THE PROBLEM —
The reply should give back every entry exactly as written.

(Extracted data entries)
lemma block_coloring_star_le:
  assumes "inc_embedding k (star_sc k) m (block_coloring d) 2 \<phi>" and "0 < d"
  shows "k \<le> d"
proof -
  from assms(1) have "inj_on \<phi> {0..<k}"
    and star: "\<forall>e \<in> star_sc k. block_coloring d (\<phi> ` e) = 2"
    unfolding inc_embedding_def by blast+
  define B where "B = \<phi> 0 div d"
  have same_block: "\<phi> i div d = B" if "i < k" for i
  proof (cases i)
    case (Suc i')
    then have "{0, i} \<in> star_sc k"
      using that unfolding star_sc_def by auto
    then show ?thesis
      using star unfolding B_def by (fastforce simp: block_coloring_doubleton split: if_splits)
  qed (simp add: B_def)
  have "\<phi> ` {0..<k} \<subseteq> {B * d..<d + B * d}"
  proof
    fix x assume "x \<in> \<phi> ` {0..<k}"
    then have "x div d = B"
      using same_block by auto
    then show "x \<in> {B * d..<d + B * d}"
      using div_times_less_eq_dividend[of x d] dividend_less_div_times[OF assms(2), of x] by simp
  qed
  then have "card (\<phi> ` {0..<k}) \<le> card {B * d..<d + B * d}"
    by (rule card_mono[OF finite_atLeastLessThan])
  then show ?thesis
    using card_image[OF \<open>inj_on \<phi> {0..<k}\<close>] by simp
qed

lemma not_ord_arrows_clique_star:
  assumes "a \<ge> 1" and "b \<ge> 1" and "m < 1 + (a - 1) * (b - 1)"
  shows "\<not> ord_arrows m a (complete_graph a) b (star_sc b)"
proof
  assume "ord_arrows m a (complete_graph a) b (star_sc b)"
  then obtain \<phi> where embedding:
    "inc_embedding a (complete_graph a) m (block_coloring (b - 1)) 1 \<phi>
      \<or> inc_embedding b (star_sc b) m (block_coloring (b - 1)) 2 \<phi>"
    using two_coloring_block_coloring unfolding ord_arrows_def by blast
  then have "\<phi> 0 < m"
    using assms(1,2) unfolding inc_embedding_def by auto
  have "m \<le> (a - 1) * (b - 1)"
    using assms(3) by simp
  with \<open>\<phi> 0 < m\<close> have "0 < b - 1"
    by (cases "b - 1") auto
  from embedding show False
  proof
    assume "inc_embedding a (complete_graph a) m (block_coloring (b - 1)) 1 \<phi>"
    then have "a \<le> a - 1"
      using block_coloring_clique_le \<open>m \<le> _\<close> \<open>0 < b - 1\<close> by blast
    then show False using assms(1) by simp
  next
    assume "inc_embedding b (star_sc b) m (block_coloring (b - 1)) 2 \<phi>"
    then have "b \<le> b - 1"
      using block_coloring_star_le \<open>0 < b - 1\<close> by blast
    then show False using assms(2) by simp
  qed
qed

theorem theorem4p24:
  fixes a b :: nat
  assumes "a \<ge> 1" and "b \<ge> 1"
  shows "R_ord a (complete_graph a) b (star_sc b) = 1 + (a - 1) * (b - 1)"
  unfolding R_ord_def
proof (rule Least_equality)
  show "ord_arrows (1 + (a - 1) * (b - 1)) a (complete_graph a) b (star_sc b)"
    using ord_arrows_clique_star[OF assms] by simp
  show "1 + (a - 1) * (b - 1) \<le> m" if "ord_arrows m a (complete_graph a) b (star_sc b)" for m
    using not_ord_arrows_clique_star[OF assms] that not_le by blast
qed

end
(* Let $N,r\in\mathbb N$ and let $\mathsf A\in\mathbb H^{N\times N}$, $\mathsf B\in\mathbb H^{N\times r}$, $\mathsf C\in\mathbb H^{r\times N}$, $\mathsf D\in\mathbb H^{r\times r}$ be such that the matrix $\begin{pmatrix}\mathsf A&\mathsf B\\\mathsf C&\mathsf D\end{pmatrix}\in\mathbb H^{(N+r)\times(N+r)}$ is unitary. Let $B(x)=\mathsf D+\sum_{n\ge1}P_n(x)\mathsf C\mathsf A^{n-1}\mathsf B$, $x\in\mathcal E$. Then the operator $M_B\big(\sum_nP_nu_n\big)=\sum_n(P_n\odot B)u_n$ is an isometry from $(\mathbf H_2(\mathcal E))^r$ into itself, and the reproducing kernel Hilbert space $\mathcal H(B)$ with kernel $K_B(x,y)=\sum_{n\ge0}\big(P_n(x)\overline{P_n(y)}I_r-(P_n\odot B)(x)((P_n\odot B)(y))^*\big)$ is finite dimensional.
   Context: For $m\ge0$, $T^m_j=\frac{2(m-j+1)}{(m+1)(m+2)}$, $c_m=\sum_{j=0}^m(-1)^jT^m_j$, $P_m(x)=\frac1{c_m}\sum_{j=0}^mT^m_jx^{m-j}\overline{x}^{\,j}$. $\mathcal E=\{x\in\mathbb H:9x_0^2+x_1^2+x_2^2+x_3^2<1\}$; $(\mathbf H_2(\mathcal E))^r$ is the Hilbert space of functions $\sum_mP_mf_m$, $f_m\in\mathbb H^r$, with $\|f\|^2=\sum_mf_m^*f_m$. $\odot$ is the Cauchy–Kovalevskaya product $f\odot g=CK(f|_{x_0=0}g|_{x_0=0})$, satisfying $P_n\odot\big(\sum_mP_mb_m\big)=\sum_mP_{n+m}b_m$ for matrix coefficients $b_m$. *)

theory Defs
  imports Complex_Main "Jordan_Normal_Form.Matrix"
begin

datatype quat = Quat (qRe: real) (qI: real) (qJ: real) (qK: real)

OUTPUT —
lemma block_coloring_star_le:
  assumes "inc_embedding k (star_sc k) m (block_coloring d) 2 \<phi>" and "0 < d"
  shows "k \<le> d"
proof -
  from assms(1) have "inj_on \<phi> {0..<k}"
    and star: "\<forall>e \<in> star_sc k. block_coloring d (\<phi> ` e) = 2"
    unfolding inc_embedding_def by blast+
  define B where "B = \<phi> 0 div d"
  have same_block: "\<phi> i div d = B" if "i < k" for i
  proof (cases i)
    case (Suc i')
    then have "{0, i} \<in> star_sc k"
      using that unfolding star_sc_def by auto
    then show ?thesis
      using star unfolding B_def by (fastforce simp: block_coloring_doubleton split: if_splits)
  qed (simp add: B_def)
  have "\<phi> ` {0..<k} \<subseteq> {B * d..<d + B * d}"
  proof
    fix x assume "x \<in> \<phi> ` {0..<k}"
    then have "x div d = B"
      using same_block by auto
    then show "x \<in> {B * d..<d + B * d}"
      using div_times_less_eq_dividend[of x d] dividend_less_div_times[OF assms(2), of x] by simp
  qed
  then have "card (\<phi> ` {0..<k}) \<le> card {B * d..<d + B * d}"
    by (rule card_mono[OF finite_atLeastLessThan])
  then show ?thesis
    using card_image[OF \<open>inj_on \<phi> {0..<k}\<close>] by simp
qed

lemma not_ord_arrows_clique_star:
  assumes "a \<ge> 1" and "b \<ge> 1" and "m < 1 + (a - 1) * (b - 1)"
  shows "\<not> ord_arrows m a (complete_graph a) b (star_sc b)"
proof
  assume "ord_arrows m a (complete_graph a) b (star_sc b)"
  then obtain \<phi> where embedding:
    "inc_embedding a (complete_graph a) m (block_coloring (b - 1)) 1 \<phi>
      \<or> inc_embedding b (star_sc b) m (block_coloring (b - 1)) 2 \<phi>"
    using two_coloring_block_coloring unfolding ord_arrows_def by blast
  then have "\<phi> 0 < m"
    using assms(1,2) unfolding inc_embedding_def by auto
  have "m \<le> (a - 1) * (b - 1)"
    using assms(3) by simp
  with \<open>\<phi> 0 < m\<close> have "0 < b - 1"
    by (cases "b - 1") auto
  from embedding show False
  proof
    assume "inc_embedding a (complete_graph a) m (block_coloring (b - 1)) 1 \<phi>"
    then have "a \<le> a - 1"
      using block_coloring_clique_le \<open>m \<le> _\<close> \<open>0 < b - 1\<close> by blast
    then show False using assms(1) by simp
  next
    assume "inc_embedding b (star_sc b) m (block_coloring (b - 1)) 2 \<phi>"
    then have "b \<le> b - 1"
      using block_coloring_star_le \<open>0 < b - 1\<close> by blast
    then show False using assms(2) by simp
  qed
qed

theorem theorem4p24:
  fixes a b :: nat
  assumes "a \<ge> 1" and "b \<ge> 1"
  shows "R_ord a (complete_graph a) b (star_sc b) = 1 + (a - 1) * (b - 1)"
  unfolding R_ord_def
proof (rule Least_equality)
  show "ord_arrows (1 + (a - 1) * (b - 1)) a (complete_graph a) b (star_sc b)"
    using ord_arrows_clique_star[OF assms] by simp
  show "1 + (a - 1) * (b - 1) \<le> m" if "ord_arrows m a (complete_graph a) b (star_sc b)" for m
    using not_ord_arrows_clique_star[OF assms] that not_le by blast
qed

end
(* Let $N,r\in\mathbb N$ and let $\mathsf A\in\mathbb H^{N\times N}$, $\mathsf B\in\mathbb H^{N\times r}$, $\mathsf C\in\mathbb H^{r\times N}$, $\mathsf D\in\mathbb H^{r\times r}$ be such that the matrix $\begin{pmatrix}\mathsf A&\mathsf B\\\mathsf C&\mathsf D\end{pmatrix}\in\mathbb H^{(N+r)\times(N+r)}$ is unitary. Let $B(x)=\mathsf D+\sum_{n\ge1}P_n(x)\mathsf C\mathsf A^{n-1}\mathsf B$, $x\in\mathcal E$. Then the operator $M_B\big(\sum_nP_nu_n\big)=\sum_n(P_n\odot B)u_n$ is an isometry from $(\mathbf H_2(\mathcal E))^r$ into itself, and the reproducing kernel Hilbert space $\mathcal H(B)$ with kernel $K_B(x,y)=\sum_{n\ge0}\big(P_n(x)\overline{P_n(y)}I_r-(P_n\odot B)(x)((P_n\odot B)(y))^*\big)$ is finite dimensional.
   Context: For $m\ge0$, $T^m_j=\frac{2(m-j+1)}{(m+1)(m+2)}$, $c_m=\sum_{j=0}^m(-1)^jT^m_j$, $P_m(x)=\frac1{c_m}\sum_{j=0}^mT^m_jx^{m-j}\overline{x}^{\,j}$. $\mathcal E=\{x\in\mathbb H:9x_0^2+x_1^2+x_2^2+x_3^2<1\}$; $(\mathbf H_2(\mathcal E))^r$ is the Hilbert space of functions $\sum_mP_mf_m$, $f_m\in\mathbb H^r$, with $\|f\|^2=\sum_mf_m^*f_m$. $\odot$ is the Cauchy–Kovalevskaya product $f\odot g=CK(f|_{x_0=0}g|_{x_0=0})$, satisfying $P_n\odot\big(\sum_mP_mb_m\big)=\sum_mP_{n+m}b_m$ for matrix coefficients $b_m$. *)

theory Defs
  imports Complex_Main "Jordan_Normal_Form.Matrix"
begin

datatype quat = Quat (qRe: real) (qI: real) (qJ: real) (qK: real)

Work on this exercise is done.